**YOUR OBJECTIVE**: Of the lines in the data below, write out exactly those from the one holding "(simp add: scalar_mult_eq_scaleR)" through the one holding "(v \<bullet> w)", both included.

**EXERCISE INPUTS**:
lemma
  fixes M :: "real^'n^'n"
  assumes sym: "transpose M = M"
  shows lambda_min_le_quadratic_form: "lambda_min M * (x \<bullet> x) \<le> x \<bullet> (M *v x)"
    and quadratic_form_le_lambda_max: "x \<bullet> (M *v x) \<le> lambda_max M * (x \<bullet> x)"
    and lambda_min_in_real_eigs: "lambda_min M \<in> real_eigs M"
proof -
  obtain \<mu> where \<mu>: "\<mu> \<in> real_eigs M" "\<forall>x. \<mu> * (x \<bullet> x) \<le> x \<bullet> (M *v x)"
    using ex_real_eig_lower_bound[OF sym] by blast
  obtain \<nu> where \<nu>: "\<nu> \<in> real_eigs M" "\<forall>x. x \<bullet> (M *v x) \<le> \<nu> * (x \<bullet> x)"
    using ex_real_eig_upper_bound[OF sym] by blast
  note fin = finite_real_eigs[OF sym]
  have "lambda_min M \<le> \<mu>" unfolding lambda_min_def using fin \<mu>(1) by (rule Min_le)
  then show "lambda_min M * (x \<bullet> x) \<le> x \<bullet> (M *v x)"
    using \<mu>(2) by (meson inner_ge_zero mult_right_mono order_trans)
  have "\<nu> \<le> lambda_max M" unfolding lambda_max_def using fin \<nu>(1) by (rule Max_ge)
  then show "x \<bullet> (M *v x) \<le> lambda_max M * (x \<bullet> x)"
    using \<nu>(2) by (meson inner_ge_zero mult_right_mono order_trans)
  show "lambda_min M \<in> real_eigs M" unfolding lambda_min_def using fin \<mu>(1) by (auto intro: Min_in)
qed

lemma lambda_min_pos_if_sym_pos_def:
  fixes M :: "real^'n^'n"
  assumes "sym_pos_def M"
  shows "0 < lambda_min M"
proof -
  have sym: "transpose M = M" using assms by (simp add: sym_pos_def_def)
  obtain v where "v \<noteq> 0" and v: "M *v v = lambda_min M *s v"
    using lambda_min_in_real_eigs[OF sym] by (auto simp: real_eigs_def)
  have "0 < v \<bullet> (M *v v)" using assms \<open>v \<noteq> 0\<close> by (simp add: sym_pos_def_def)
  then have "0 < lambda_min M * (v \<bullet> v)" using v by (simp add: scalar_mult_eq_scaleR)
  moreover have "0 < v \<bullet> v" using \<open>v \<noteq> 0\<close> by simp
  ultimately show ?thesis by (rule zero_less_mult_pos2)
qed

lemma sum_UNIV_Plus:
  "sum f (UNIV :: ('a::finite + 'b::finite) set) = sum (f \<circ> Inl) UNIV + sum (f \<circ> Inr) UNIV"
  by (metis UNIV_Plus_UNIV finite sum.Plus)

lemma outer_mult_vector: "outer u v *v w = (v \<bullet> w) *\<^sub>R u"
  by (simp add: vec_eq_iff matrix_vector_mult_def outer_def inner_vec_def sum_distrib_left
      algebra_simps)

lemma WT_mult_sel_x: "WT A b kp \<theta> ** sel_x = A"
  by (simp add: vec_eq_iff matrix_matrix_mult_def sel_x_def WT_def if_distrib[of "\<lambda>y. _ * y"]
      sum.delta' cong: if_cong)

lemma WT_mult_cvec: "WT A b kp \<theta> *v cvec = kp *s b"
  by (simp add: vec_eq_iff matrix_vector_mult_def cvec_def WT_def if_distrib[of "\<lambda>y. _ * y"]
      sum.delta' cong: if_cong)

lemma WT_mult_sel_th: "WT A b kp \<theta> ** sel_th = kp *\<^sub>R outer b \<theta>"
  by (simp add: vec_eq_iff matrix_matrix_mult_def sel_th_def WT_def outer_def
      if_distrib[of "\<lambda>y. _ * y"] sum.delta' cong: if_cong)

lemma transpose_neg_outer_mult_vector:
  "transpose (- (c *\<^sub>R outer u v)) *v w = (- (c * (u \<bullet> w))) *\<^sub>R v"
  by (simp add: vec_eq_iff matrix_vector_mult_def transpose_def outer_def inner_vec_def
      sum_distrib_left algebra_simps sum_negf)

**ANSWER BELOW**:
  then have "0 < lambda_min M * (v \<bullet> v)" using v by (simp add: scalar_mult_eq_scaleR)
  moreover have "0 < v \<bullet> v" using \<open>v \<noteq> 0\<close> by simp
  ultimately show ?thesis by (rule zero_less_mult_pos2)
qed

lemma sum_UNIV_Plus:
  "sum f (UNIV :: ('a::finite + 'b::finite) set) = sum (f \<circ> Inl) UNIV + sum (f \<circ> Inr) UNIV"
  by (metis UNIV_Plus_UNIV finite sum.Plus)

lemma outer_mult_vector: "outer u v *v w = (v \<bullet> w) *\<^sub>R u"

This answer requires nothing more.